A year ago Microsoft announced that it would begin working on a tool to replace its Security and Risks Detection software, to use an automated open source tool instead in an effort to stay ahead of the industry, experts from a malware analysis course mention.

Eventually the technology company has announced the launch of Project OneFuzz, a fuzzing framework for Azure that will be available to developers around the world through GitHub as an open source tool.

The cybersecurity community agrees that fuzzing is one of the most effective methods for detecting and correcting multiple security flaws that could cause severe problems in real-world scenarios, however, its implementation poses many other problems for security researchers, and that these tests require a complete security team, greatly increasing the costs of this process.

Project OneFuzz was born with the purpose of providing analysts with a much more practical mechanism for implementing fuzzing tests that also offered the same results as conventional methods.
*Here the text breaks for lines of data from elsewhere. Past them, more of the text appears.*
lemma potential_summand_cong:
  assumes "\<forall>j\<in>{1..k}. \<forall>v\<in>V. Z (j, v) = Z' (j, v)" "v \<in> V"
  shows "potential_summand Z k v = potential_summand Z' k v"
proof -
  have "mean_loss Z j = mean_loss Z' j" if "j \<le> k" for j
    using assms(1) that by (intro mean_loss_cong) auto
  then show ?thesis
    unfolding potential_summand_def weights_cong[OF assms] loss_cong[OF assms(1)] by simp
qed

lemma sum_potential_summand_le: "(\<Sum>v\<in>V. potential_summand Z k v) \<le> exp (eta\<^sup>2) * potential Z k"
proof -
  let ?p = "normalize V (weights Z k)"
  define W where "W = (\<Sum>v\<in>V. weights Z k v)"
  define C where "C = exp (eta * (\<Sum>j\<le>k. mean_loss Z j))"
  have "W > 0"
    unfolding W_def using finite_V V_ne by (intro sum_pos weights_pos)
  then have "weights Z k v = W * ?p v" for v
    by (simp add: normalize_def W_def)
  then have "(\<Sum>v\<in>V. potential_summand Z k v) = W * C * (\<Sum>v\<in>V. ?p v * exp (- eta * loss Z k v))"
    by (simp add: potential_summand_def C_def sum_distrib_left algebra_simps)
  also have "\<dots> \<le> W * C * exp (- eta * mean_loss Z k + eta\<^sup>2)"
    unfolding mean_loss_def using \<open>W > 0\<close> normalize_weights_nonneg[OF V_ne]
    by (intro mult_left_mono sum_weighted_exp_le sum_normalize_weights V_ne loss_bounded
        eta_nonneg eta_le_1) (auto simp: C_def)
  also have "\<dots> = exp (eta\<^sup>2) * potential Z k"
    by (simp add: potential_def W_def C_def lessThan_Suc_atMost[symmetric] algebra_simps
        flip: exp_add)
  finally show ?thesis .
qed

lemma measurable_potential:
  assumes "\<And>j v. j \<in> {1..k} \<Longrightarrow> v \<in> V \<Longrightarrow> (\<lambda>Z. Z (j, v)) \<in> borel_measurable M"
  shows "(\<lambda>Z. potential Z k) \<in> borel_measurable M"
proof -
  have weights: "(\<lambda>Z. weights Z j v) \<in> borel_measurable M" if "j \<le> k" "v \<in> V" for j v
    using that assms by (intro measurable_weights) auto
  then have "(\<lambda>Z. mean_loss Z j) \<in> borel_measurable M" if "j \<le> k" for j
    using that by (intro measurable_mean_loss) auto
  then show ?thesis
    unfolding potential_def using weights
    by (intro borel_measurable_times borel_measurable_exp borel_measurable_sum measurable_const) auto
qed
lemma compact_svd_imp_svd_form:
  assumes "compact_svd A r W S V"
  obtains S' where "svd_form A W S S' V (dim_row A) (dim_col A) r"
proof -
  have S: "S \<in> carrier_mat r r"
    using assms unfolding compact_svd_def by blast
  have "upper_triangular S"
    using assms unfolding compact_svd_def diagonal_mat_def by auto
  hence "det S = prod_list (diag_mat S)"
    using S by (rule det_upper_triangular)
  also have "\<dots> \<noteq> 0"
    using assms S by (auto simp: compact_svd_def diag_mat_def)
  finally have "S \<in> Units (ring_mat TYPE(real) r undefined)"
    by (rule det_non_zero_imp_unit[OF S])
  then obtain S' where S': "S' \<in> carrier_mat r r" "S * S' = 1\<^sub>m r" "S' * S = 1\<^sub>m r"
    unfolding Units_def ring_mat_def by auto
  have "svd_form A W S S' V (dim_row A) (dim_col A) r"
    by unfold_locales (use assms S' in \<open>auto simp: compact_svd_def\<close>)
  thus ?thesis
    by (rule that)
qed

lemma transpose_diagonal_mat:
  assumes "S \<in> carrier_mat r r" "diagonal_mat S"
  shows "transpose_mat S = S"
proof (rule eq_matI)
  fix i j assume "i < dim_row S" "j < dim_col S"
  thus "transpose_mat S $$ (i, j) = S $$ (i, j)"
    using assms unfolding diagonal_mat_def by (cases "i = j") auto
qed (use assms in auto)

lemma compact_svd_transpose_S:
  assumes "compact_svd A r W S V"
  shows "transpose_mat S = S"
  using assms unfolding compact_svd_def by (intro transpose_diagonal_mat) auto

lemma card_submatrix_index_set:
  assumes "J \<subseteq> {..<k}"
  shows "card {j. j < k \<and> j \<in> J} = card J"
proof -
  have "{j. j < k \<and> j \<in> J} = J"
    using assms by auto
  thus ?thesis
    by simp
qed

lemma row_submatrix_rows:
  assumes J: "J \<subseteq> {..<dim_row B}" and i: "i < card J"
  shows "row (submatrix B J UNIV) i = row B (pick J i)" "pick J i < dim_row B"
proof -
  have i': "i < card {j. j < dim_row B \<and> j \<in> J}"
    using i card_submatrix_index_set[OF J] by simp
  show "row (submatrix B J UNIV) i = row B (pick J i)"
    by (rule row_submatrix_UNIV[OF i'])
  show "pick J i < dim_row B"
    by (rule pick_le[OF i'])
qed

lemma submatrix_cols_mult_transpose:
  assumes A: "A \<in> carrier_mat m r" and B: "B \<in> carrier_mat n r" and J: "J \<subseteq> {..<n}"
  shows "submatrix (A * transpose_mat B) UNIV J = A * transpose_mat (submatrix B J UNIV)"
proof (rule eq_matI)
  have card: "card {j. j < n \<and> j \<in> J} = card J"
    by (rule card_submatrix_index_set[OF J])
  show "dim_row (submatrix (A * transpose_mat B) UNIV J) = dim_row (A * transpose_mat (submatrix B J UNIV))"
    "dim_col (submatrix (A * transpose_mat B) UNIV J) = dim_col (A * transpose_mat (submatrix B J UNIV))"
    using A B card by (simp_all add: dim_submatrix)
  fix i j assume "i < dim_row (A * transpose_mat (submatrix B J UNIV))"
    and "j < dim_col (A * transpose_mat (submatrix B J UNIV))"
  hence i: "i < m" and j: "j < card J"
    using A B card by (auto simp: dim_submatrix)
  have row_j: "row (submatrix B J UNIV) j = row B (pick J j)" and pj: "pick J j < n"
    using row_submatrix_rows[of J B j] B J j by auto
  have "submatrix (A * transpose_mat B) UNIV J $$ (i, j) = (A * transpose_mat B) $$ (i, pick J j)"
    using submatrix_index[of i "A * transpose_mat B" UNIV j J] i j card A B by (simp add: pick_UNIV)
  also have "\<dots> = row A i \<bullet> row B (pick J j)"
    using i pj A B by simp
  also have "\<dots> = (A * transpose_mat (submatrix B J UNIV)) $$ (i, j)"
    using i j A B card row_j by (simp add: dim_submatrix)
  finally show "submatrix (A * transpose_mat B) UNIV J $$ (i, j) = (A * transpose_mat (submatrix B J UNIV)) $$ (i, j)" .
qed

lemma transpose_mult_unit_vec:
  assumes "i < dim_row (A :: 'a :: semiring_1 mat)"
  shows "transpose_mat A *\<^sub>v unit_vec (dim_row A) i = row A i"
  using assms by (intro eq_vecI) (simp_all add: scalar_prod_right_unit)

locale column_submatrix =
  L: svd_form L WL SL SL' VL m n r + C: svd_form "submatrix L UNIV J" WC SC SC' VC m "card J" r
  for L WL SL SL' VL WC SC SC' VC :: "real mat" and m n r :: nat and J :: "nat set" +
  assumes J_subset: "J \<subseteq> {..<n}"
    and SL_sym: "transpose_mat SL = SL" and SC_sym: "transpose_mat SC = SC"
begin

abbreviation C where "C \<equiv> submatrix L UNIV J"

abbreviation VJ where "VJ \<equiv> submatrix VL J UNIV"

lemma VJ_carrier: "VJ \<in> carrier_mat (card J) r"
proof (rule carrier_matI)
  show "dim_row VJ = card J"
    unfolding dim_submatrix using L.V_carrier card_submatrix_index_set[OF J_subset]
    by (metis carrier_matD(1))
  show "dim_col VJ = r"
    unfolding dim_submatrix using L.V_carrier by simp
qed

lemma VJ_dims: "dim_row VJ = card J" "dim_col VJ = r"
  using VJ_carrier by auto

lemma C_eq: "C = WL * SL * transpose_mat VJ"
  unfolding L.A_eq
  by (rule submatrix_cols_mult_transpose[OF _ L.V_carrier J_subset])
    (use L.W_carrier L.S_carrier in auto)

lemma transpose_C: "transpose_mat C = VJ * SL * transpose_mat WL"
  unfolding C_eq by (simp add: transpose_mult_dim mult_mat_assoc_dim L.dims VJ_dims SL_sym)
lemma social_cost_by_resources:
  assumes "finite E" "\<And>i. i \<in> {1..n} \<Longrightarrow> S i \<subseteq> E"
  shows "social_cost n l S = (\<Sum>e\<in>E. real (load n S e) * l e (real (load n S e)))"
  unfolding social_cost_def player_cost_def congestion_load
  using assms by (rule sum_players_to_resources)

definition profiles :: "nat \<Rightarrow> (nat \<Rightarrow> 'e set set) \<Rightarrow> (nat \<Rightarrow> 'e set) set" where
  "profiles n Strat = Pi\<^sub>E {1..n} Strat"

lemma profile_strategy_subset:
  assumes "congestion_game n E Strat" "is_profile n Strat S" "i \<in> {1..n}"
  shows "S i \<subseteq> E"
  using assms unfolding congestion_game_def is_profile_def by blast

text \<open>Any quantity that depends on the players 1..n only takes finitely many (and at
  least one) values on profiles; this makes all the minima in Defs attained.\<close>
lemma profile_values_finite_nonempty:
  assumes "congestion_game n E Strat" and inv: "\<And>S. F (restrict S {1..n}) = F S"
  shows "finite {F S | S. is_profile n Strat S}" "{F S | S. is_profile n Strat S} \<noteq> {}"
proof -
  have "{F S | S. is_profile n Strat S} = F ` profiles n Strat"
  proof (intro equalityI subsetI)
    fix v assume "v \<in> {F S | S. is_profile n Strat S}"
    then obtain S where "is_profile n Strat S" "v = F S" by blast
    then have "restrict S {1..n} \<in> profiles n Strat" "v = F (restrict S {1..n})"
      unfolding profiles_def is_profile_def by (simp add: restrict_PiE_iff, simp only: inv)
    then show "v \<in> F ` profiles n Strat" by blast
  next
    fix v assume "v \<in> F ` profiles n Strat"
    then show "v \<in> {F S | S. is_profile n Strat S}"
      unfolding profiles_def is_profile_def by (auto dest: PiE_mem)
  qed
  moreover have "finite (profiles n Strat)" "profiles n Strat \<noteq> {}"
    using assms(1) unfolding profiles_def congestion_game_def
    by (auto intro!: finite_PiE simp: PiE_eq_empty_iff)
  ultimately show "finite {F S | S. is_profile n Strat S}" "{F S | S. is_profile n Strat S} \<noteq> {}"
    by simp_all
qed

lemma load_restrict: "load n (restrict S {1..n}) e = load n S e"
  by (rule load_cong) simp

lemma opt_cost_attained:
  assumes "congestion_game n E Strat"
  obtains S where "is_profile n Strat S" "social_cost n l S = opt_cost n Strat l"
proof -
  have "\<And>S. social_cost n l (restrict S {1..n}) = social_cost n l S"
    by (rule social_cost_cong) simp
  from profile_values_finite_nonempty[where F = "social_cost n l", OF assms this]
  have "opt_cost n Strat l \<in> {social_cost n l S | S. is_profile n Strat S}"
    unfolding opt_cost_def by (rule Min_in)
  then obtain S where "is_profile n Strat S" "opt_cost n Strat l = social_cost n l S"
    by blast
  then show ?thesis using that by simp
qed

lemma rosenthal_minimizer_exists:
  assumes "congestion_game n E Strat"
  obtains S where "is_profile n Strat S"
    "\<And>T. is_profile n Strat T \<Longrightarrow> rosenthal n E l S \<le> rosenthal n E l T"
proof -
  let ?V = "{rosenthal n E l S | S. is_profile n Strat S}"
  have "\<And>S. rosenthal n E l (restrict S {1..n}) = rosenthal n E l S"
    unfolding rosenthal_def load_restrict ..
  note fin = profile_values_finite_nonempty[where F = "rosenthal n E l", OF assms this]
  obtain S where "is_profile n Strat S" "Min ?V = rosenthal n E l S"
    using Min_in[OF fin] by blast
  moreover have "Min ?V \<le> rosenthal n E l T" if "is_profile n Strat T" for T
    using fin(1) that by (auto intro: Min_le)
  ultimately show ?thesis using that by simp
qed

lemma rosenthal_minimizer_is_PNE:
  assumes cg: "congestion_game n E Strat" and S: "is_profile n Strat S"
    and min: "\<And>T. is_profile n Strat T \<Longrightarrow> rosenthal n E l S \<le> rosenthal n E l T"
  shows "is_PNE n Strat l S"
  unfolding is_PNE_def
proof (intro conjI ballI S)
  fix i t assume i: "i \<in> {1..n}" and t: "t \<in> Strat i"
  have T: "is_profile n Strat (S(i := t))" using S t unfolding is_profile_def by simp
  have "finite E" using cg unfolding congestion_game_def by simp
  moreover have "S i \<subseteq> E" "t \<subseteq> E"
    using profile_strategy_subset[OF cg S i] profile_strategy_subset[OF cg T i] by simp_all
  ultimately have "rosenthal n E l (S(i := t)) - rosenthal n E l S
      = player_cost n l (S(i := t)) i - player_cost n l S i"
    using i rosenthal_update by blast
  with min[OF T] show "player_cost n l S i \<le> player_cost n l (S(i := t)) i" by linarith
qed

lemma quadratic_latency_coeffs:
  assumes "quadratic_latencies E l" "e \<in> E"
  obtains a0 a1 a2 where "a0 \<ge> 0" "a1 \<ge> 0" "a2 \<ge> 0"
    "\<And>z. z \<ge> 0 \<Longrightarrow> l e z = a0 + a1 * z + a2 * z^2"
proof -
  from assms obtain a0 a1 a2 where "a0 \<ge> 0" "a1 \<ge> 0" "a2 \<ge> 0"
    "\<forall>z\<ge>0. l e z = a0 + a1 * z + a2 * z^2"
    unfolding quadratic_latencies_def by blast
  then show ?thesis using that by simp
qed
lemma nn_integral_comp_Linv:
  fixes \<phi> :: "real \<Rightarrow> ennreal"
  assumes \<phi>: "\<phi> \<in> borel_measurable lebesgue" and n: "n \<in> {1..N}"
  shows "(\<integral>\<^sup>+t. \<phi> (Linv x N n t) \<partial>lebesgue)
           = ennreal ((x n - x (n - 1)) / (x N - x 0)) * (\<integral>\<^sup>+s. \<phi> s \<partial>lebesgue)"
proof -
  define e where "e = (x N - x 0) / (x n - x (n - 1))"
  define c where "c = x 0 - e * x (n - 1)"
  have e: "0 < e"
    using Isub_length_pos[OF n] Ival_length_pos by (simp add: e_def)
  have "(\<integral>\<^sup>+s. \<phi> s \<partial>lebesgue) = ennreal e * (\<integral>\<^sup>+t. \<phi> (c + e * t) \<partial>lebesgue)"
    using nn_integral_real_affine_lebesgue[OF \<phi>, of e c] e by simp
  then have "ennreal (1 / e) * (\<integral>\<^sup>+s. \<phi> s \<partial>lebesgue) = (\<integral>\<^sup>+t. \<phi> (c + e * t) \<partial>lebesgue)"
    using e by (simp add: mult.assoc[symmetric] ennreal_mult[symmetric])
  moreover have "Linv x N n = (\<lambda>t. c + e * t)"
    by (simp add: Linv_affine c_def e_def)
  ultimately show ?thesis
    by (simp add: e_def)
qed

section \<open>The linear part of the operator\<close>

definition Tlin :: "(real \<Rightarrow> real) \<Rightarrow> real \<Rightarrow> real" where
  "Tlin g t = (\<Sum>n=1..N. indicator (Isub x n) t * (\<alpha> n (Linv x N n t) * g (Linv x N n t)))"

lemma Top_zero_eq: "Top x N \<alpha> f (\<lambda>_. 0) g t = f t + Tlin g t"
  by (simp add: Top_def Tlin_def)

lemma Tlin_on_Isub:
  assumes n: "n \<in> {1..N}" and t: "t \<in> Isub x n"
  shows "Tlin g t = \<alpha> n (Linv x N n t) * g (Linv x N n t)"
proof -
  have "Tlin g t = (\<Sum>k\<in>{n}. indicator (Isub x k) t * (\<alpha> k (Linv x N k t) * g (Linv x N k t)))"
    unfolding Tlin_def
    by (rule sum.mono_neutral_right) (use n t Isub_disjoint in \<open>auto simp: indicator_def\<close>)
  then show ?thesis
    using t by simp
qed

lemma Tlin_sum: "Tlin (\<lambda>t. \<Sum>m\<in>S. c m * G m t) t = (\<Sum>m\<in>S. c m * Tlin (G m) t)"
  unfolding Tlin_def sum_distrib_left
  by (subst sum.swap) (simp add: sum_distrib_left mult_ac)

lemma measurable_indicator_Isub_comp_Linv:
  fixes \<phi> :: "real \<Rightarrow> real"
  assumes \<phi>: "\<phi> \<in> borel_measurable (lebesgue_on I)" and n: "n \<in> {1..N}"
  shows "(\<lambda>t. indicator (Isub x n) t * \<phi> (Linv x N n t)) \<in> borel_measurable lebesgue"
proof -
  have "(\<lambda>s. indicator I s * \<phi> s) \<in> borel_measurable lebesgue"
    using \<phi> borel_measurable_restrict_space_iff[of I lebesgue \<phi>] by simp
  then have "(\<lambda>t. indicator I (Linv x N n t) * \<phi> (Linv x N n t)) \<in> borel_measurable lebesgue"
    using measurable_comp_Linv[OF _ n] by blast
  then have "(\<lambda>t. indicator (Isub x n) t * (indicator I (Linv x N n t) * \<phi> (Linv x N n t)))
               \<in> borel_measurable lebesgue"
    by (rule borel_measurable_times[OF borel_measurable_indicator[OF Isub_sets]])
  moreover have "indicator (Isub x n) t * (indicator I (Linv x N n t) * \<phi> (Linv x N n t))
                   = indicator (Isub x n) t * \<phi> (Linv x N n t)" for t
    using Linv_in_Ival[OF n] by (cases "t \<in> Isub x n") auto
  ultimately show ?thesis
    by simp
qed

lemma Tlin_measurable:
  assumes "g \<in> borel_measurable (lebesgue_on I)"
  shows "Tlin g \<in> borel_measurable (lebesgue_on I)"
proof -
  have "(\<lambda>s. \<alpha> n s * g s) \<in> borel_measurable (lebesgue_on I)" if "n \<in> {1..N}" for n
    using \<alpha>_measurable[OF that] assms by measurable
  then have "Tlin g \<in> borel_measurable lebesgue"
    unfolding Tlin_def[abs_def]
    by (intro borel_measurable_sum measurable_indicator_Isub_comp_Linv) auto
  then show ?thesis
    by (rule measurable_restrict_space1)
qed

lemma Isub_length_ratio_sum: "(\<Sum>n=1..N. ennreal ((x n - x (n - 1)) / (x N - x 0))) = 1"
proof -
  have "(\<Sum>n=1..N. ennreal ((x n - x (n - 1)) / (x N - x 0)))
          = ennreal (\<Sum>n=1..N. (x n - x (n - 1)) / (x N - x 0))"
    using Isub_length_pos Ival_length_pos by (intro sum_ennreal) (simp add: less_imp_le)
  also have "(\<Sum>n=1..N. (x n - x (n - 1)) / (x N - x 0)) = 1"
    using sum_telescope''[of 0 N x] Ival_length_pos by (simp add: sum_divide_distrib[symmetric])
  finally show ?thesis
    by simp
qed

lemma nn_integral_alpha_sq_le:
  assumes g: "g \<in> borel_measurable (lebesgue_on I)" and n: "n \<in> {1..N}"
  shows "(\<integral>\<^sup>+s. ennreal ((\<alpha> n s * g s)\<^sup>2) \<partial>lebesgue_on I)
           \<le> ennreal (\<Lambda>\<^sup>2) * (\<integral>\<^sup>+s. ennreal ((g s)\<^sup>2) \<partial>lebesgue_on I)"
proof -
  have "(\<integral>\<^sup>+s. ennreal ((\<alpha> n s * g s)\<^sup>2) \<partial>lebesgue_on I)
          \<le> (\<integral>\<^sup>+s. ennreal (\<Lambda>\<^sup>2) * ennreal ((g s)\<^sup>2) \<partial>lebesgue_on I)"
    using \<alpha>_bound[OF n]
  proof (intro nn_integral_mono_AE, eventually_elim)
    case (elim s)
    then have "(\<alpha> n s)\<^sup>2 \<le> \<Lambda>\<^sup>2"
      by (metis abs_ge_zero power2_abs power_mono)
    then have "(\<alpha> n s * g s)\<^sup>2 \<le> \<Lambda>\<^sup>2 * (g s)\<^sup>2"
      by (simp add: power_mult_distrib mult_right_mono)
    then show ?case
      by (simp add: ennreal_mult[symmetric] ennreal_leI)
  qed
  also have "\<dots> = ennreal (\<Lambda>\<^sup>2) * (\<integral>\<^sup>+s. ennreal ((g s)\<^sup>2) \<partial>lebesgue_on I)"
    using g by (intro nn_integral_cmult) measurable
  finally show ?thesis .
qed

lemma Tlin_sq_le_sum_comp_Linv:
  "ennreal ((Tlin g t)\<^sup>2) * indicator I t
     \<le> (\<Sum>n=1..N. ennreal ((\<alpha> n (Linv x N n t) * g (Linv x N n t))\<^sup>2) * indicator I (Linv x N n t))"
proof (cases "t \<in> I")
  case True
  then obtain n where n: "n \<in> {1..N}" "t \<in> Isub x n"
    using Ival_covered_by_Isub by blast
  then have "ennreal ((Tlin g t)\<^sup>2) * indicator I t
               = ennreal ((\<alpha> n (Linv x N n t) * g (Linv x N n t))\<^sup>2) * indicator I (Linv x N n t)"
    using True Linv_in_Ival[OF n] by (simp add: Tlin_on_Isub)
  also have "\<dots> \<le> (\<Sum>n=1..N. ennreal ((\<alpha> n (Linv x N n t) * g (Linv x N n t))\<^sup>2) * indicator I (Linv x N n t))"
    using n by (intro member_le_sum) auto
  finally show ?thesis .
qed simp
lemma inj_arith_progression:
  fixes a0 a :: "'d \<Rightarrow> int"
  assumes "a \<noteq> (\<lambda>_. 0)"
  shows "inj (\<lambda>k x. a0 x + int k * a x)"
proof (rule injI)
  fix k l assume "(\<lambda>x. a0 x + int k * a x) = (\<lambda>x. a0 x + int l * a x)"
  moreover obtain x where "a x \<noteq> 0" using assms by auto
  ultimately show "k = l" by (metis add_left_cancel mult_right_cancel of_nat_eq_iff)
qed

lemma filterlim_arith_progression_at_top:
  fixes b q :: int
  assumes "0 < q"
  shows "filterlim (\<lambda>k. b + int k * q) at_top sequentially"
  unfolding filterlim_at_top
proof
  fix z
  have "z \<le> b + int k * q" if "nat (z - b) \<le> k" for k
  proof -
    have "z - b \<le> int k" using that by linarith
    also have "\<dots> \<le> int k * q" using assms by (simp add: mult_le_cancel_left1)
    finally show ?thesis by simp
  qed
  then show "eventually (\<lambda>k. z \<le> b + int k * q) sequentially"
    unfolding eventually_sequentially by blast
qed

definition progression_certificate ::
  "nat \<Rightarrow> nat \<Rightarrow> (nat \<Rightarrow> 'd::finite \<Rightarrow> int) \<Rightarrow> (nat \<Rightarrow> 'd \<Rightarrow> int) \<Rightarrow> (nat \<Rightarrow> 'c::finite \<Rightarrow> int)
   \<Rightarrow> (nat \<Rightarrow> int) \<Rightarrow> (nat \<Rightarrow> 'd \<Rightarrow> int) \<Rightarrow> (nat \<Rightarrow> 'd \<Rightarrow> int) \<Rightarrow> (nat \<Rightarrow> 'c \<Rightarrow> int)
   \<Rightarrow> (nat \<Rightarrow> int) \<Rightarrow> (nat \<Rightarrow> int) \<Rightarrow> (nat \<Rightarrow> bool)
   \<Rightarrow> (nat \<Rightarrow> zomega) \<Rightarrow> ('c \<Rightarrow> int) \<Rightarrow> ('d \<Rightarrow> int) \<Rightarrow> ('d \<Rightarrow> int) \<Rightarrow> bool" where
  "progression_certificate n m r s t h u v w d e eq p c a0 a \<longleftrightarrow> a \<noteq> (\<lambda>_. 0) \<and>
     (\<forall>i\<in>{1..n}. \<forall>z. p (2*i - 1) = Fin z \<longrightarrow> dotp (r i) a0 \<le> z \<and> dotp (r i) a \<le> 0) \<and>
     (\<forall>i\<in>{1..n}. \<forall>z. p (2*i) = Fin z \<longrightarrow>
        z \<le> dotp (s i) a0 + dotp (t i) c + h i \<and> dotp (s i) a \<ge> 0) \<and>
     (\<forall>i\<in>{1..n}. p (2*i) = Omega \<longrightarrow> dotp (s i) a > 0) \<and>
     (\<forall>j\<in>{1..m}.
        rel_mod (eq j) (e j) (dotp (u j) a0) (dotp (v j) (\<lambda>k. a0 k + a k) + dotp (w j) c + d j) \<and>
        e j dvd dotp (u j) a \<and> e j dvd dotp (v j) a)"

lemma compatible_arith_progression:
  assumes "progression_certificate n m r s t h u v w d e eq p c a0 a"
  shows "compatible n m r s t h u v w d e eq p c (\<lambda>k x. a0 x + int k * a x)"
proof -
  from assms obtain nonzero: "a \<noteq> (\<lambda>_. 0)"
    and upper: "\<forall>i\<in>{1..n}. \<forall>z. p (2*i - 1) = Fin z \<longrightarrow> dotp (r i) a0 \<le> z \<and> dotp (r i) a \<le> 0"
    and lower: "\<forall>i\<in>{1..n}. \<forall>z. p (2*i) = Fin z \<longrightarrow>
          z \<le> dotp (s i) a0 + dotp (t i) c + h i \<and> dotp (s i) a \<ge> 0"
    and unbounded: "\<forall>i\<in>{1..n}. p (2*i) = Omega \<longrightarrow> dotp (s i) a > 0"
    and congruence: "\<forall>j\<in>{1..m}.
          rel_mod (eq j) (e j) (dotp (u j) a0) (dotp (v j) (\<lambda>k. a0 k + a k) + dotp (w j) c + d j) \<and>
          e j dvd dotp (u j) a \<and> e j dvd dotp (v j) a"
    unfolding progression_certificate_def by blast
  have prog: "dotp y (\<lambda>x. a0 x + int k * a x) = dotp y a0 + int k * dotp y a" for y k
    by (simp add: dotp_add dotp_scale)
  show ?thesis
    unfolding compatible_iff prog
  proof (intro conjI allI impI ballI)
    show "inj (\<lambda>k x. a0 x + int k * a x)"
      using nonzero by (rule inj_arith_progression)
  next
    fix k l j :: nat assume "k < l \<and> j \<in> {1..m}"
    then have j: "j \<in> {1..m}" by simp
    \<comment> \<open>passing from indices \<open>(0, 1)\<close> to \<open>(k, l)\<close> changes the difference by a multiple of \<open>e j\<close>\<close>
    have "e j dvd int k * dotp (u j) a - (int l - 1) * dotp (v j) a"
      using congruence j by simp
    then show "rel_mod (eq j) (e j) (dotp (u j) a0 + int k * dotp (u j) a)
        (dotp (v j) a0 + int l * dotp (v j) a + dotp (w j) c + d j)"
      using congruence j
      by (subst rel_mod_cong[where x = "dotp (u j) a0"]) (auto simp: dotp_add algebra_simps)
  next
    fix i k :: nat and z assume "i \<in> {1..n}" "p (2*i - 1) = Fin z"
    with upper have "dotp (r i) a0 \<le> z" "dotp (r i) a \<le> 0"
      by auto
    then show "dotp (r i) a0 + int k * dotp (r i) a \<le> z"
      using mult_nonneg_nonpos[of "int k" "dotp (r i) a"] by linarith
  next
    fix i z assume "i \<in> {1..n}" "p (2*i) = Fin z"
    with lower have "z \<le> dotp (s i) a0 + dotp (t i) c + h i" "0 \<le> dotp (s i) a"
      by auto
    then have "z \<le> dotp (s i) a0 + int k * dotp (s i) a + dotp (t i) c + h i" for k
      using mult_nonneg_nonneg[of "int k" "dotp (s i) a"] by linarith
    then show "eventually (\<lambda>k. z \<le> dotp (s i) a0 + int k * dotp (s i) a + dotp (t i) c + h i)
        sequentially"
      by (intro always_eventually allI)
  next
    fix i assume "i \<in> {1..n}" "p (2*i) = Omega"
    with unbounded show "filterlim (\<lambda>k. dotp (s i) a0 + int k * dotp (s i) a + dotp (t i) c + h i)
        at_top sequentially"
      using filterlim_arith_progression_at_top[of "dotp (s i) a" "dotp (s i) a0 + dotp (t i) c + h i"]
      by (simp add: ac_simps)
  qed
qed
Processes that previously required equipment can be simplified through:

  • Automatic fault detection
  • Coverage tracking, once connected through tools such as iDNA, Dynamo Rio and Pin, can be integrated with sancov
  • Input utilization, once achieved through custom I/O harnesses, can be integrated with libfuzzer’s LLVMFuzzerTestOneInput function prototype

According to specialists in the malware analysis course, these new approaches will allow researchers to create unit test binaries with a fully compiled fuzzing lab in: reliable test invocation, input generation, coverage, and error detection in a single executable.

Researchers with early access to OneFuzz have already been able to deploy multiple tests on Windows that served as a proactive security mechanism prior to the release of the latest versions of the operating system. With a single command line, any developer will be able to deploy a fuzzing test for either a small deployment to more ambitious projects.

In the report, experts from the malware analysis course mention that OneFuzz will allow:

  • Composable fuzzing workflows: OneFuzz will allow users to incorporate their own fuzzers, exchange instrumentation, among other functions
  • Integrated set Fuzzing: Fuzzers work as a team to share strengths, exchanging entrances of interest between fuzzing technologies
  • Programmatic triage and results deduplication: provides cases of unique defects that always reproduce
  • Live on-demand debugging of found faults: allows you to convene a live debugging session on demand or from your build system
  • Observable and refinable: transparent design allows introspection at each stage
  • Fuzz on Windows and Linux operating systems: Fuzzing using its own build of operating system, kernel or nested hypervisor

As mentioned in previous paragraphs, OneFuzz is now available on GitHub under license from MIT. The tool will be updated thanks to contributions from Microsoft research groups and security teams. The technology company also announced that in the future it will continue the maintenance and expansion of Project OneFuzz, with the release of updates and receiving feedback.